Existe alguma maneira que me permita limitar o alcance do Roteador TP-Link? Quer dizer, eu quero que os sinais wifi sejam acessados apenas com 5 metros de alcance.

----------


## muttley

diminui a potencia. ve se da pra coloca uns 60mw ou menos!

----------


## rubem

Diminuir potência E aumentar datarate e largura de canal. E usar antena pequena (2dBi).
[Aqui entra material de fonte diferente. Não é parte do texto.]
(* Let $U\in\mathcal U_n$ and let $U'\in\mathcal U_{n+1}$ be obtained from $U$ by adding an $(n+1)$-st unit interval $I_{n+1}$ to the right of the intervals of $U$. Let $s$ be the number of elements $i\in\{1,\dots,n\}$ that are incomparable to $n+1$ in $U'$. Then $a(U')$ is obtained from $a(U)$ by adding a final peak in position $(n-s,n+1)$.
   Context: A unit interval order on $\{1,\dots,n\}$ is given by closed intervals $I_1,\dots,I_n$ of length $1$, numbered from left to right, with $i\prec j$ iff $I_i$ lies strictly to the left of $I_j$; $\mathcal U_n$ is the set of these; adding $I_{n+1}$ to the right means $I_1,\dots,I_{n+1}$ remain numbered from left to right. A Dyck path of length $n$ is a lattice path from $(0,0)$ to $(n,n)$ with unit up and right steps never going below $y=x$. For $1\le i<j\le n$, box $(i,j)$ is the square $[i-1,i]\times[j-1,j]$; the area set of a Dyck path is the set of boxes between it and the diagonal. $a(U)$ is the Dyck path whose area set is $\{(i,j):1\le i<j\le n,\ i\not\prec j\}$. Adding a final peak in position $(i,n+1)$ to a Dyck path $D$ of length $n$ means: $D$ passes through $(i,n)$, and the new path of length $n+1$ follows $D$ up to $(i,n)$, then takes an up step to $(i,n+1)$, then right steps to $(n+1,n+1)$. *)

theory Defs
  imports Complex_Main
begin

text \<open>Unit interval orders: the interval I_i is [x i, x i + 1]; the intervals are
numbered from left to right, i.e. x is nondecreasing on the index range.\<close>

definition left_to_right :: "nat \<Rightarrow> (nat \<Rightarrow> real) \<Rightarrow> bool" where
  "left_to_right n x \<longleftrightarrow> (\<forall>i j. 1 \<le> i \<and> i \<le> j \<and> j \<le> n \<longrightarrow> x i \<le> x j)"

definition prec :: "(nat \<Rightarrow> real) \<Rightarrow> nat \<Rightarrow> nat \<Rightarrow> bool" where
  "prec x i j \<longleftrightarrow> x i + 1 < x j"

definition incomparable :: "(nat \<Rightarrow> real) \<Rightarrow> nat \<Rightarrow> nat \<Rightarrow> bool" where
  "incomparable x i j \<longleftrightarrow> \<not> prec x i j \<and> \<not> prec x j i"

text \<open>Lattice paths: N = unit up step, E = unit right step.\<close>
datatype step = N | E

definition ups :: "step list \<Rightarrow> nat" where
  "ups D = length (filter (\<lambda>s. s = N) D)"

definition rights :: "step list \<Rightarrow> nat" where
  "rights D = length (filter (\<lambda>s. s = E) D)"

definition dyck :: "nat \<Rightarrow> step list \<Rightarrow> bool" where
  "dyck n D \<longleftrightarrow> ups D = n \<and> rights D = n \<and>
     (\<forall>k \<le> length D. rights (take k D) \<le> ups (take k D))"

definition passes_through :: "step list \<Rightarrow> nat \<Rightarrow> nat \<Rightarrow> bool" where
  "passes_through D p q \<longleftrightarrow> (\<exists>k \<le> length D. rights (take k D) = p \<and> ups (take k D) = q)"

text \<open>Height of the i-th right step (1-based): the y-coordinate at which the path
traverses the column [i-1,i].\<close>
definition col_height :: "step list \<Rightarrow> nat \<Rightarrow> nat" where
  "col_height D i = ups (take (LEAST k. rights (take k D) = i) D)"

text \<open>Area set: boxes (i,j) = [i-1,i] x [j-1,j], 1 \<le> i < j \<le> n, lying between the
path and the diagonal.\<close>
definition area :: "nat \<Rightarrow> step list \<Rightarrow> (nat \<times> nat) set" where
  "area n D = {(i,j). 1 \<le> i \<and> i < j \<and> j \<le> n \<and> j \<le> col_height D i}"

definition a_path :: "nat \<Rightarrow> (nat \<Rightarrow> real) \<Rightarrow> step list" where
  "a_path n x = (THE D. dyck n D \<and>
     area n D = {(i,j). 1 \<le> i \<and> i < j \<and> j \<le> n \<and> \<not> prec x i j})"

text \<open>Adding a final peak in position (i, n+1) to a path D of length n (which passes
through (i,n)): follow D up to (i,n), go up to (i,n+1), then right to (n+1,n+1).\<close>
definition add_final_peak :: "nat \<Rightarrow> step list \<Rightarrow> nat \<Rightarrow> step list" where
  "add_final_peak n D i = take (i + n) D @ [N] @ replicate (n + 1 - i) E"

end

theory Submission
  imports Defs
begin

text \<open>A Dyck path is determined by its column heights, and column i of a(U) reaches up to
the last interval I_j that does not lie strictly to the right of I_i. As the intervals are
numbered from left to right, the intervals incomparable to the new rightmost interval I_(n+1)
are the last s ones, I_(m+1), ..., I_n with m = n - s. So a(U) and a(U') share their first m
columns, and the remaining columns have height n in a(U) and n + 1 in a(U'): after column m,
a(U) climbs to height n and runs s steps right, while a(U') climbs to n + 1 and runs s + 1
steps right.\<close>

lemma rights_simps [simp]:
  "rights [] = 0" "rights (E # D) = Suc (rights D)" "rights (N # D) = rights D"
  "rights (D @ D') = rights D + rights D'"
  "rights (replicate k N) = 0" "rights (replicate k E) = k"
  by (auto simp: rights_def filter_replicate)

lemma ups_simps [simp]:
  "ups [] = 0" "ups (E # D) = ups D" "ups (N # D) = Suc (ups D)"
  "ups (D @ D') = ups D + ups D'"
  "ups (replicate k N) = k" "ups (replicate k E) = 0"
  by (auto simp: ups_def filter_replicate)

lemma length_eq_rights_plus_ups: "length D = rights D + ups D"
proof (induction D)
  case (Cons s D)
  then show ?case by (cases s) auto
qed simp

lemma ups_take_le: "ups (take k D) \<le> ups D"
  by (metis append_take_drop_id le_add1 ups_simps(4))

lemma rights_take_le: "rights (take k D) \<le> rights D"
  by (metis append_take_drop_id le_add1 rights_simps(4))

lemma ex_take_rights_eq: "i \<le> rights D \<Longrightarrow> \<exists>k \<le> length D. rights (take k D) = i"
proof (induction D arbitrary: i)
  case (Cons s D)
  show ?case
  proof (cases "i = 0")
    case True
    then show ?thesis by (intro exI[of _ 0]) auto
  next
    case False
    have "(if s = E then i - 1 else i) \<le> rights D" using Cons.prems by (cases s) auto
    with Cons.IH obtain k
      where "k \<le> length D" "rights (take k D) = (if s = E then i - 1 else i)" by blast
    with False show ?thesis by (intro exI[of _ "Suc k"]) (cases s; auto)
  qed
qed simp

lemma Least_take_rights:
  assumes "i \<le> rights D"
  shows "(LEAST k. rights (take k D) = i) \<le> length D"
    and "rights (take (LEAST k. rights (take k D) = i) D) = i"
proof -
  obtain k where k: "k \<le> length D" "rights (take k D) = i"
    using ex_take_rights_eq[OF assms] by blast
  show "(LEAST k. rights (take k D) = i) \<le> length D"
    using Least_le[of "\<lambda>k. rights (take k D) = i", OF k(2)] k(1) by linarith
  show "rights (take (LEAST k. rights (take k D) = i) D) = i"
    using LeastI[of "\<lambda>k. rights (take k D) = i", OF k(2)] .
qed

lemma col_height_0 [simp]: "col_height D 0 = 0"
proof -
  have "(LEAST k. rights (take k D) = 0) = 0" by (rule Least_equality) auto
  then show ?thesis unfolding col_height_def by simp
qed

lemma col_height_le_ups: "col_height D i \<le> ups D"
  unfolding col_height_def by (rule ups_take_le)
(* Let $\sim$ be a right congruence of finite index on $\Sigma^*$ with suffix expansion $\approx$. If $\sim$ has a critical tuple, then $|\Sigma^{\le n}/{\approx}|$ grows exponentially, and there exists a critical tuple $(u_2,v_2,u,v)$ in $\sim$ such that $u_2u\sim u_2wu$ and $v_2u\sim v_2wu$ for all $w\in\{u,v\}^*$.
   Context: Suffix expansion: $a_1\cdots a_n\approx b_1\cdots b_m$ iff $n=m$ and $a_i\cdots a_n\sim b_i\cdots b_n$ for all $i$. A critical tuple in a right congruence $\sim$ is $(u_2,v_2,u,v)$ with $|u_2|=|v_2|\ge1$, $u=u_1u_2$, $v=v_1v_2$ for some $u_1,v_1$, and $u_2w\not\sim v_2w$ for all $w\in\{u,v\}^*$. Exponential growth of $\gamma$: $\gamma(n)\ge c^n$ for some $c>1$ and infinitely many $n$. *)

theory Defs
  imports Complex_Main
begin

definition right_congruence :: "('a list \<Rightarrow> 'a list \<Rightarrow> bool) \<Rightarrow> bool" where
  "right_congruence R \<longleftrightarrow> equivp R \<and> (\<forall>x y z. R x y \<longrightarrow> R (x @ z) (y @ z))"

definition finite_index :: "('a list \<Rightarrow> 'a list \<Rightarrow> bool) \<Rightarrow> bool" where
  "finite_index R \<longleftrightarrow> finite (UNIV // {(x, y). R x y})"

definition suffix_exp :: "('a list \<Rightarrow> 'a list \<Rightarrow> bool) \<Rightarrow> 'a list \<Rightarrow> 'a list \<Rightarrow> bool" where
  "suffix_exp R x y \<longleftrightarrow> length x = length y \<and> (\<forall>i < length x. R (drop i x) (drop i y))"

definition word_star :: "'a list set \<Rightarrow> 'a list set" where
  "word_star A = {concat ws | ws. set ws \<subseteq> A}"

definition critical_tuple ::
  "('a list \<Rightarrow> 'a list \<Rightarrow> bool) \<Rightarrow> 'a list \<Rightarrow> 'a list \<Rightarrow> 'a list \<Rightarrow> 'a list \<Rightarrow> bool" where
  "critical_tuple R u2 v2 u v \<longleftrightarrow>
     length u2 = length v2 \<and> length u2 \<ge> 1 \<and>
     (\<exists>u1. u = u1 @ u2) \<and> (\<exists>v1. v = v1 @ v2) \<and>
     (\<forall>w \<in> word_star {u, v}. \<not> R (u2 @ w) (v2 @ w))"

definition exp_growth :: "(nat \<Rightarrow> nat) \<Rightarrow> bool" where
  "exp_growth \<gamma> \<longleftrightarrow> (\<exists>c::real. c > 1 \<and> infinite {n. real (\<gamma> n) \<ge> c ^ n})"

definition suffix_growth :: "('a list \<Rightarrow> 'a list \<Rightarrow> bool) \<Rightarrow> nat \<Rightarrow> nat" where
  "suffix_growth R n = card ({xs. length xs \<le> n} // {(x, y). suffix_exp R x y})"

end

theory Submission
  imports Defs "HOL-Library.Infinite_Set"
begin
(* Let $n,m$ be positive integers, $A_1,\dots,A_m\in\mathbb{S}_n$, $\mathcal{A}(X)=(\langle A_i,X\rangle)_{i=1}^m$, $\mathcal{A}^*(y)=\sum_i y_iA_i$, with $\mathcal{A}\mathcal{A}^*$ invertible; let $b\in\mathbb{R}^m$, $C\in\mathbb{S}_n$, $D:=\mathcal{A}^*((\mathcal{A}\mathcal{A}^* )^{-1}b)$ and $\mathcal{M}=\{S\in\mathbb{S}_n^+:\operatorname{diag}(S)=\mathbf{1}\}$. Fix $\sigma_k>0$, $y^k\in\mathbb{R}^m$, $\widetilde{X}^k\in\mathbb{S}_n$ and let $$\Phi_k(S)=\langle D,S+C\rangle-\langle\widetilde{X}^k,\mathcal{A}^*(y^k)-S-C\rangle+\tfrac{\sigma_k}{2}\|\mathcal{A}^*(y^k)-S-C\|^2 .$$ Then $S\in\mathcal{M}$ is a minimizer of $\Phi_k$ over $\mathcal{M}$ if and only if $$X:=\nabla\Phi_k(S)-\operatorname{Diag}(\nabla\Phi_k(S)S)\succeq0\quad\text{and}\quad XS=0,$$ where $\nabla\Phi_k(S)=\widetilde{X}^k-\sigma_k(\mathcal{A}^*(y^k)-S-C)+D$.
   Context: $\mathbb{S}_n$ ($\mathbb{S}_n^+$) denotes real symmetric (positive semidefinite) $n\times n$ matrices, $\langle A,B\rangle=\mathrm{Tr}(A^{\intercal}B)$, $\|\cdot\|$ the Frobenius norm. For a square matrix $M$, $\operatorname{diag}(M)$ is the vector of its diagonal entries and $\operatorname{Diag}(M)$ the diagonal matrix with the same diagonal as $M$; $\mathbf{1}$ is the all-ones vector. *)

theory Defs
  imports "HOL-Analysis.Analysis"
begin

text \<open>n x n real matrices are real^'n^'n (n = CARD('n)); R^m is real^'m.\<close>

definition frob_inner :: "real^'n^'n \<Rightarrow> real^'n^'n \<Rightarrow> real" where
  "frob_inner A B = trace (transpose A ** B)"

definition frob_sq :: "real^'n^'n \<Rightarrow> real" where
  "frob_sq A = frob_inner A A"

definition symmetric_mat :: "real^'n^'n \<Rightarrow> bool" where
  "symmetric_mat A \<longleftrightarrow> transpose A = A"

definition psd :: "real^'n^'n \<Rightarrow> bool" where
  "psd X \<longleftrightarrow> symmetric_mat X \<and> (\<forall>x. 0 \<le> x \<bullet> (X *v x))"

definition Diag_mat :: "real^'n^'n \<Rightarrow> real^'n^'n" where
  "Diag_mat M = (\<chi> i j. if i = j then M $ i $ i else 0)"
lemma block_structure_carrier:
  assumes "sum_list ks + sum_list ns = n"
  shows "block_structure ks ns \<subseteq> carrier_mat n n"
proof
  fix D assume "D \<in> block_structure ks ns"
  then obtain ds Ds where D: "D = diag_block_mat (map (\<lambda>(d, k). d \<cdot>\<^sub>m 1\<^sub>m k) (zip ds ks) @ Ds)"
    and len: "length ds = length ks" "length Ds = length ns"
    and Ds: "\<forall>j<length ns. Ds ! j \<in> carrier_mat (ns ! j) (ns ! j)"
    unfolding block_structure_def by blast
  have scalar_dims: "map dim_row (map (\<lambda>(d, k). d \<cdot>\<^sub>m 1\<^sub>m k) (zip ds ks)) = ks"
    "map dim_col (map (\<lambda>(d, k). d \<cdot>\<^sub>m 1\<^sub>m k) (zip ds ks)) = ks"
    using len(1) by (simp_all add: list_eq_iff_nth_eq)
  have "dim_row (Ds ! j) = ns ! j" "dim_col (Ds ! j) = ns ! j" if "j < length ns" for j
    using Ds[rule_format, OF that] by auto
  then have full_dims: "map dim_row Ds = ns" "map dim_col Ds = ns"
    using len(2) by (simp_all add: list_eq_iff_nth_eq)
  have "dim_row D = n" "dim_col D = n"
    unfolding D dim_diag_block_mat map_append sum_list_append scalar_dims full_dims
    using assms by simp_all
  then show "D \<in> carrier_mat n n" by (rule carrier_matI)
qed

lemma diag_block_mat_smult_one_mat:
  fixes a :: "'a :: semiring_1"
  shows "diag_block_mat (map (\<lambda>k. a \<cdot>\<^sub>m 1\<^sub>m k) ks) = a \<cdot>\<^sub>m 1\<^sub>m (sum_list ks)"
proof (induction ks)
  case (Cons k ks)
  show ?case
    unfolding list.map diag_block_mat.simps Let_def Cons.IH by (intro eq_matI) auto
qed auto

lemma smult_one_mat_mem_block_structure:
  assumes "sum_list ks + sum_list ns = n"
  shows "a \<cdot>\<^sub>m 1\<^sub>m n \<in> block_structure ks ns"
proof -
  have "map (\<lambda>(d, k). d \<cdot>\<^sub>m 1\<^sub>m k) (zip (replicate (length ks) a) ks) = map (\<lambda>k. a \<cdot>\<^sub>m 1\<^sub>m k) ks"
    by (induction ks) auto
  then have "a \<cdot>\<^sub>m 1\<^sub>m n = diag_block_mat (map (\<lambda>(d, k). d \<cdot>\<^sub>m 1\<^sub>m k) (zip (replicate (length ks) a) ks)
      @ map (\<lambda>k. a \<cdot>\<^sub>m 1\<^sub>m k) ns)"
    using assms by (simp flip: map_append add: diag_block_mat_smult_one_mat)
  then show ?thesis
    unfolding block_structure_def
    by (intro CollectI exI[of _ "replicate (length ks) a"] exI[of _ "map (\<lambda>k. a \<cdot>\<^sub>m 1\<^sub>m k) ns"]) auto
qed

lemma one_plus_mult_mat_mult_vec:
  fixes M D :: "'a :: semiring_1 mat"
  assumes "M \<in> carrier_mat n n" "D \<in> carrier_mat n n" "v \<in> carrier_vec n"
  shows "(1\<^sub>m n + M * D) *\<^sub>v v = v + M *\<^sub>v (D *\<^sub>v v)"
  using assms by (simp add: add_mult_distrib_mat_vec[of _ n n] assoc_mult_mat_vec[of _ n n _ n])

lemma spec_norm_mult_ge_one_if_singular:
  assumes M: "M \<in> carrier_mat n n" and D: "D \<in> carrier_mat n n"
    and singular: "det (1\<^sub>m n + M * D) = 0"
  shows "1 \<le> spec_norm M * spec_norm D"
proof -
  obtain v where v: "v \<in> carrier_vec n" "v \<noteq> 0\<^sub>v n" and "(1\<^sub>m n + M * D) *\<^sub>v v = 0\<^sub>v n"
    using singular det_0_iff_vec_prod_zero[of "1\<^sub>m n + M * D" n] M D by auto
  then have sum0: "v + M *\<^sub>v (D *\<^sub>v v) = 0\<^sub>v n"
    using one_plus_mult_mat_mult_vec[OF M D v(1)] by simp
  have "v = (-1) \<cdot>\<^sub>v (M *\<^sub>v (D *\<^sub>v v))"
  proof (rule eq_vecI)
    fix i assume "i < dim_vec ((-1) \<cdot>\<^sub>v (M *\<^sub>v (D *\<^sub>v v)))"
    then show "v $ i = ((-1) \<cdot>\<^sub>v (M *\<^sub>v (D *\<^sub>v v))) $ i"
      using arg_cong[OF sum0, of "\<lambda>w. w $ i"] M v by (simp add: eq_neg_iff_add_eq_0)
  qed (use M v in simp)
  then have "vec_norm2 v = vec_norm2 (M *\<^sub>v (D *\<^sub>v v))"
    by (metis norm_minus_cancel norm_one vec_norm2_smult mult_1)
  also have "\<dots> \<le> spec_norm M * vec_norm2 (D *\<^sub>v v)"
    using M D v by (intro spec_norm_mult_vec_le) auto
  also have "\<dots> \<le> spec_norm M * (spec_norm D * vec_norm2 v)"
    using spec_norm_mult_vec_le[OF D v(1)] spec_norm_nonneg[OF M] v
    by (intro mult_left_mono) (auto simp: gr0I)
  finally have "1 * vec_norm2 v \<le> (spec_norm M * spec_norm D) * vec_norm2 v"
    by (simp add: ac_simps)
  moreover have "vec_norm2 v > 0"
    using v vec_norm2_eq_0_iff[of v] vec_norm2_nonneg[of v] by fastforce
  ultimately show ?thesis by (meson mult_le_cancel_right_pos)
qed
Vários AP's tem como mínimo uns 1 ou 2dBm, ainda é muito pra 5m de alcance, então o jeito é configurar mais coisas.

----------


## Nilton Nakao

Se tiver 5.0 ou 5.8 GHz é melhor, no meu caso reduzi para 10 dBm( 8 mw) e o alcance ficou em torno de 20 metros para Motorola; Nos Samsung( linha J) nem localizava o AP; LG conectava mas sem estabilidade; Motorola cansei de usar o skype. Por conta disso deixei com 17 dBm e uso antena de 5 dBi de ganho.
No aplicativo de celular( wifi analizer) estou a 80 metros de distância até 100 metros com sinal variando de -77dBm a -81 dBm.
Roteador TP-Link tenho um alcance a mais de 5 metros em relação aos Samsung; teve caso de passar dos 10 metros.

----------


## lcesargc

Além de fazer o que os demais falaram. Vc pode tentar colocar o roteador dentro de uma caixa metálica. Ou na pior das hipóteses retirar a antena kkkk. Qual o roteador em questão?.

----------


## jaungul

Eu estou usando o roteador TP Link. Eu tentei remover a antena, mas não faz muita diferença. Vou tentar usar caixa de metal. Se alguma coisa aconteceu, eu vou deixar você saber  :Smile:

----------


## lcesargc

> Eu estou usando o roteador TP Link. Eu tentei remover a antena, mas não faz muita diferença. Vou tentar usar caixa de metal. Se alguma coisa aconteceu, eu vou deixar você saber


Qual o modelo? E porque você precisa só de 5 metros

----------